Monday, December 31, 2007


Year's end. How can that be? I read a poem this morning that used the image of the hourglass to talk about how we watch the moments of our lives slip through the tiny hole that is time, into "the past," leaving an ever smaller supply of moments to expend.

As I get older, that decreasing supply becomes mesmorizing. It moves whether I move or not. It threatens to leave me staring fixated as I lose all opportunity to finish what I imagine is "my work." I only see the back of the tapestry and it is not a pretty sight, albeit colorful.

The end of a year always makes me melacholy now. Time speeds so ridiculously past me that I've long since stopped trying to grab it as it shoots by. There is so much to do, so much that's wrong. And I am so helplessly befuddled (yet) by those elements of existence that could have but didn't ultimately shatter my ability to function at all. I work so hard at trying to keep the edges from unraveling, too often taking myself FAR too seriously. But maybe this mark of the tormented soul is what opens a window on a deeper consciousness. Yes?

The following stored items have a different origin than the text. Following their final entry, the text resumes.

(* Assume the tolerances $\varepsilon,\varepsilon_1,\varepsilon_2$ satisfy the same conditions as in the near-optimal recovery theorem, namely $mM\Lambda\varepsilon_2<1$ and $\varepsilon_1+mM\Lambda_s\varepsilon_2+(C_0+\varepsilon_2)(mM\Lambda\varepsilon_1+m(\Lambda_s+\Lambda\varepsilon_1)\delta)\le\varepsilon$ with $\delta:=\frac{M^2}{1-mM\Lambda\varepsilon_2}m\Lambda\varepsilon_2$. Let $u\in K$, $w=\lambda(u)$, and suppose the algorithm is run on noisy observations $\tilde w=w+\eta$ with $\|\eta\|\le\kappa$ (i.e. in step (1) one sets $\hat w:=\tilde w-\lambda(\hat u_0)$). Then the output $\hat u$ satisfies $$\|u-\hat u\|_{H^1(\Omega)}\le R(K_w)_{H^1(\Omega)}+\varepsilon+C\kappa,\qquad C:=(M+\delta)m(C_0+\varepsilon_2).$$
   Context: Same setting as the near-optimal recovery theorem: $\Omega\subset\mathbb{R}^d$ ($d=2,3$) bounded Lipschitz, $\Gamma=\partial\Omega$, $s>1/2$, $\mathcal H^s(\Omega)$ the harmonic functions in $H^1(\Omega)$ with trace in $H^s(\Gamma)$ normed by $\|v_\Gamma\|_{H^s(\Gamma)}$, $\|v\|_{H^1}\le C_s\|v\|_{\mathcal H^s}$; $K=\{u: -\Delta u=f,\ u_\Gamma\in H^s(\Gamma),\ \|u_\Gamma\|_{H^s(\Gamma)}\le 1\}$ with $f\in H^{-1}(\Omega)$; $u_0$ solves $-\Delta u_0=f$, $u_0|_\Gamma=0$; $\lambda_1,\dots,\lambda_m$ continuous on $H^1(\Omega)$ with bound $\Lambda$ and linearly independent on $\mathcal H^s(\Omega)$; $\Lambda_s=C_s\Lambda$; $\phi_j$ their Riesz representers in $\mathcal H^s(\Omega)$; $G=(\lambda_j(\phi_i))$, $M=\|G^{-1}\|_{\ell_1\to\ell_1}$, $C_0=\max_j\|\phi_j\|_{H^1}$; $K_w=\{u\in K:\lambda(u)=w\}$, $R(K_w)_{H^1(\Omega)}$ its Chebyshev radius in $H^1(\Omega)$; $\|z\|=(\frac1m\sum z_j^2)^{1/2}$ on $\mathbb{R}^m$. Algorithm: $\hat u_0\in H^1$ with $\|u_0-\hat u_0\|_{H^1}\le\varepsilon_1$; $\hat\phi_j\in H^1$ with $\|\phi_j-\hat\phi_j\|_{H^1}\le\varepsilon_2$; $\hat G=(\lambda_j(\hat\phi_i))$; $\hat G\hat a=\hat w$; $\hat u=\hat u_0+\sum_j\hat a_j\hat\phi_j$. *)

theory Defs
  imports "HOL-Analysis.Analysis"
begin

text \<open>The type 'a plays the role of H^1(Omega)
 (its norm is the H^1 norm); L is the (linear) operator v |-> -Delta v with values in
 a space 'b (H^{-1}(Omega)); tr is the (linear) trace map to a space 'c of boundary
 functions; HsG is the subspace H^s(Gamma) of 'c, with inner product ipS whose
 induced norm is the H^s(Gamma) norm.\<close>

definition Hs_norm :: "('c \<Rightarrow> 'c \<Rightarrow> real) \<Rightarrow> 'c \<Rightarrow> real" where
  "Hs_norm ipS g = sqrt (ipS g g)"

Am I tormented? I certainly used to be and sometimes still find myself in that space. But now, increasingly, my torment is for others rather than mySelf. It hurts me deeply how little I have been able to do to make a difference in the world, no matter how diligent I have tried to be, no matter what I do accomplish. I spend so much of the little time I have doing what amounts to pleasuring myself. Yet is not the joyous exhale, too, part of healing a world gone wrong?

You, dear members of the Blogosphere, whether you are readers or writers or both, have held me to the earth another year. And for that I am most positively grateful. Let us shake off the past and celebrate the breath that we are given. Let us trust the process to end up where it will. Let our voices rise like the scent of many flowers in the darkness that seems so deep, but can only be followed by the coming of the light. Come, Light. I pray you find us still prepared and ready to do our part.
The photo above was taken by my good friend Ed, a fellow struggler on this path we call life.